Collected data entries
....

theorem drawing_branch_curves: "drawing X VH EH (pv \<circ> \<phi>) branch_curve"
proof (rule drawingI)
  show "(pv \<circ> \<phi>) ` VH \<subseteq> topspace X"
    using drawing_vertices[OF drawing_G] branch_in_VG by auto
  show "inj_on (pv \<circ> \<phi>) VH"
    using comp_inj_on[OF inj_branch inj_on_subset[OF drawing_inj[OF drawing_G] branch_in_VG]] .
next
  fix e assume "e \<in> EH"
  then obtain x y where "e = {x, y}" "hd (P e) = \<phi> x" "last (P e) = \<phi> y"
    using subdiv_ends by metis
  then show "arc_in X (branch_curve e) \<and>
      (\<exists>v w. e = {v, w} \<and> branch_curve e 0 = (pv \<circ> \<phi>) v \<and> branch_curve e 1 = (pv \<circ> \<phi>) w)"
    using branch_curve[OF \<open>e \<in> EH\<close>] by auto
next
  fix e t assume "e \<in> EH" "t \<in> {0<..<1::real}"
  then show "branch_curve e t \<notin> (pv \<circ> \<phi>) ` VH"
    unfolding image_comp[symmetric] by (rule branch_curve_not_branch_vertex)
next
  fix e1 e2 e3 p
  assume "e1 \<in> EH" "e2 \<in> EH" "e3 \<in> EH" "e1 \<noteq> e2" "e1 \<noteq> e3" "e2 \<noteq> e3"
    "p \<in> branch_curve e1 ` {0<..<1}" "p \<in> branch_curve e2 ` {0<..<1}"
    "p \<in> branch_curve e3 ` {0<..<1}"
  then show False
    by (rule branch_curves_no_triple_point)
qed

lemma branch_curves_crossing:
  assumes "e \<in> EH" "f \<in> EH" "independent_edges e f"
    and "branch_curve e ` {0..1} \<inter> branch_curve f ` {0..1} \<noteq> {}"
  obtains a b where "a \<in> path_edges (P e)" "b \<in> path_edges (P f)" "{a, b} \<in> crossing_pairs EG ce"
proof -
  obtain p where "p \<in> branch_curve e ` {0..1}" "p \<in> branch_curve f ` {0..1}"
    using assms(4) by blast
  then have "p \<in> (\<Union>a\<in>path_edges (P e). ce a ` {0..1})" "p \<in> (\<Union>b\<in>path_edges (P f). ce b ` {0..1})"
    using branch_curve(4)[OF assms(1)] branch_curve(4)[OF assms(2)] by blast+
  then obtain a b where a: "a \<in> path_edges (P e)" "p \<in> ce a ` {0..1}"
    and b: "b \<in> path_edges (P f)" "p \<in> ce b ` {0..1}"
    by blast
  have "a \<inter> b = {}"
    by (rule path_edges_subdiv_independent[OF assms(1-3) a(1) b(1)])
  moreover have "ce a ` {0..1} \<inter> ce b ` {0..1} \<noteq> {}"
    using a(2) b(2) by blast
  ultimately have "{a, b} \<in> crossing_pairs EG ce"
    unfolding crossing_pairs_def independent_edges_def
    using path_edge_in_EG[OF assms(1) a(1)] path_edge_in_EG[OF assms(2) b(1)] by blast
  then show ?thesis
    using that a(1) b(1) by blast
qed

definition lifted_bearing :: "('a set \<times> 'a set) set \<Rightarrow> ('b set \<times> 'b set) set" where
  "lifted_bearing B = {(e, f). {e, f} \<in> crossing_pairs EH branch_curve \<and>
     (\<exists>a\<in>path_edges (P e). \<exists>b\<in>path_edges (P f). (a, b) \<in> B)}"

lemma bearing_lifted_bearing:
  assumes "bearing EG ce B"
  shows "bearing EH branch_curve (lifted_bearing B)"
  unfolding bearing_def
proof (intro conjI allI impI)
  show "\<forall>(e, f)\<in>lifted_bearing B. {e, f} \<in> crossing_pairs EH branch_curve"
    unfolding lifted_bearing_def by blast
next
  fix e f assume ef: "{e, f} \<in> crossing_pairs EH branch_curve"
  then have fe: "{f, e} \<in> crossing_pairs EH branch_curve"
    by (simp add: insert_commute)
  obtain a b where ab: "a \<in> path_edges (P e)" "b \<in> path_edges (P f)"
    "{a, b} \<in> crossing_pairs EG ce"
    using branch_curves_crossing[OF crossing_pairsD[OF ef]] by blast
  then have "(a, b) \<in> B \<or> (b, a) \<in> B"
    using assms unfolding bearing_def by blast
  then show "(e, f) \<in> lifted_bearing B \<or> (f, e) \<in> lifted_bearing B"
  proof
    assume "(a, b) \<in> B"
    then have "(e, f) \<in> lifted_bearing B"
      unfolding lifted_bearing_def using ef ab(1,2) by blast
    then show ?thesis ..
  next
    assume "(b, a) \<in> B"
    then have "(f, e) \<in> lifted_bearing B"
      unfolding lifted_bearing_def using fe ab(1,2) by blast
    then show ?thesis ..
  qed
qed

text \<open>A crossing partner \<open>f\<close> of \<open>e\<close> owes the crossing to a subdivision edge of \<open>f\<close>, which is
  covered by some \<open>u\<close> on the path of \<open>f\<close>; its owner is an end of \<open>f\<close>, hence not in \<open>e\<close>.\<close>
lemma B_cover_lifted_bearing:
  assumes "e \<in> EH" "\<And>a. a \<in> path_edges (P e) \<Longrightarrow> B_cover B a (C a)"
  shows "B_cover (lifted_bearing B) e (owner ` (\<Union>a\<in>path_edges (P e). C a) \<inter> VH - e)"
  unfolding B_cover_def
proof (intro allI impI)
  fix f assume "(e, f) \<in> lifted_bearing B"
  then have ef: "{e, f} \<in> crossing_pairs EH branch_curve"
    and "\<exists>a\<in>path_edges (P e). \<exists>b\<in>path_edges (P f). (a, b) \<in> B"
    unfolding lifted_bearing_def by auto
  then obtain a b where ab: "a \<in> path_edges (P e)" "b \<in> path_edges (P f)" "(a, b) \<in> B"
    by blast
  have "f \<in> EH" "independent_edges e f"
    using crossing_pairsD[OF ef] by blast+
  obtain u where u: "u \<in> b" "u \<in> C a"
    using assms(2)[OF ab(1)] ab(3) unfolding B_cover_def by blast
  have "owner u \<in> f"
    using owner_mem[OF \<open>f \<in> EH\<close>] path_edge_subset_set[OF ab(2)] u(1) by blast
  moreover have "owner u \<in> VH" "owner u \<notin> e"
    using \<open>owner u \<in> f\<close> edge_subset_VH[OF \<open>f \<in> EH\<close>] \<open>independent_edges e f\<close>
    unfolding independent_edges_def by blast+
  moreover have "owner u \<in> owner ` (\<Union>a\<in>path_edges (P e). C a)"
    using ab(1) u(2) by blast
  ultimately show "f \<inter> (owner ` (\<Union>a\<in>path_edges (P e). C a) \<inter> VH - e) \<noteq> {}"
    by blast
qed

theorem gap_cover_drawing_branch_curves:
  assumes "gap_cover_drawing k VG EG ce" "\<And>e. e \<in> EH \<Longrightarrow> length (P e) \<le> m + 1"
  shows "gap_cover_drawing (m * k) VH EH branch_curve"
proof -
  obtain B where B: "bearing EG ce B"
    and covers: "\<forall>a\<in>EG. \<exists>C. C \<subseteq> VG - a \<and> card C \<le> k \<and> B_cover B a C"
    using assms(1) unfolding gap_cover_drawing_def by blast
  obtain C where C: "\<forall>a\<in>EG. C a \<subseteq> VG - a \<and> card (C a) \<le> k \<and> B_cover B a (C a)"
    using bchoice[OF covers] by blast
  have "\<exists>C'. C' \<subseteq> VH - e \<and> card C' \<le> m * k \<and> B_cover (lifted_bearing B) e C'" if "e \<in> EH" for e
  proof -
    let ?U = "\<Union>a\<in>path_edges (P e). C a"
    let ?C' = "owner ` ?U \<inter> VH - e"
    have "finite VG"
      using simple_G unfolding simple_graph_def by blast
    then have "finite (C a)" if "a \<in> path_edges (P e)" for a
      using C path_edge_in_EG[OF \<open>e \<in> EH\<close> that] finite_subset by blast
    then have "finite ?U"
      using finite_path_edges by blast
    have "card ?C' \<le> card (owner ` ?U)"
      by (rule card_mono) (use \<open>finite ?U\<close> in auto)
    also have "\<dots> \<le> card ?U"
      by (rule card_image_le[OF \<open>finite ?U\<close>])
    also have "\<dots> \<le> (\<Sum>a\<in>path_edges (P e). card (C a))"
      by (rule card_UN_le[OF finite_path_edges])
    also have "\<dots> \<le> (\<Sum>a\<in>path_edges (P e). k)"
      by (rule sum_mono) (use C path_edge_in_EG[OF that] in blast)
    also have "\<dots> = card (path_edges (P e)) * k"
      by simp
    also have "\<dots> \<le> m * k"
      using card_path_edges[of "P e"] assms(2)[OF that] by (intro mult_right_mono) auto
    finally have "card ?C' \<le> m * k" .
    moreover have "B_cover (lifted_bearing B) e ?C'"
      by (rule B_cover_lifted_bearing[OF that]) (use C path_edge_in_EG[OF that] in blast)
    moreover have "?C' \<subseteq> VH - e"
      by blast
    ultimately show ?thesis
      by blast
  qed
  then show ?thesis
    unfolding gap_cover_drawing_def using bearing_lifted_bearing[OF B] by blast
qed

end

....

Only what runs from the line containing "(intro mult_right_mono) auto" through the final line of the entries above belongs in the answer, restated exactly.

      using card_path_edges[of "P e"] assms(2)[OF that] by (intro mult_right_mono) auto
    finally have "card ?C' \<le> m * k" .
    moreover have "B_cover (lifted_bearing B) e ?C'"
      by (rule B_cover_lifted_bearing[OF that]) (use C path_edge_in_EG[OF that] in blast)
    moreover have "?C' \<subseteq> VH - e"
      by blast
    ultimately show ?thesis
      by blast
  qed
  then show ?thesis
    unfolding gap_cover_drawing_def using bearing_lifted_bearing[OF B] by blast
qed

end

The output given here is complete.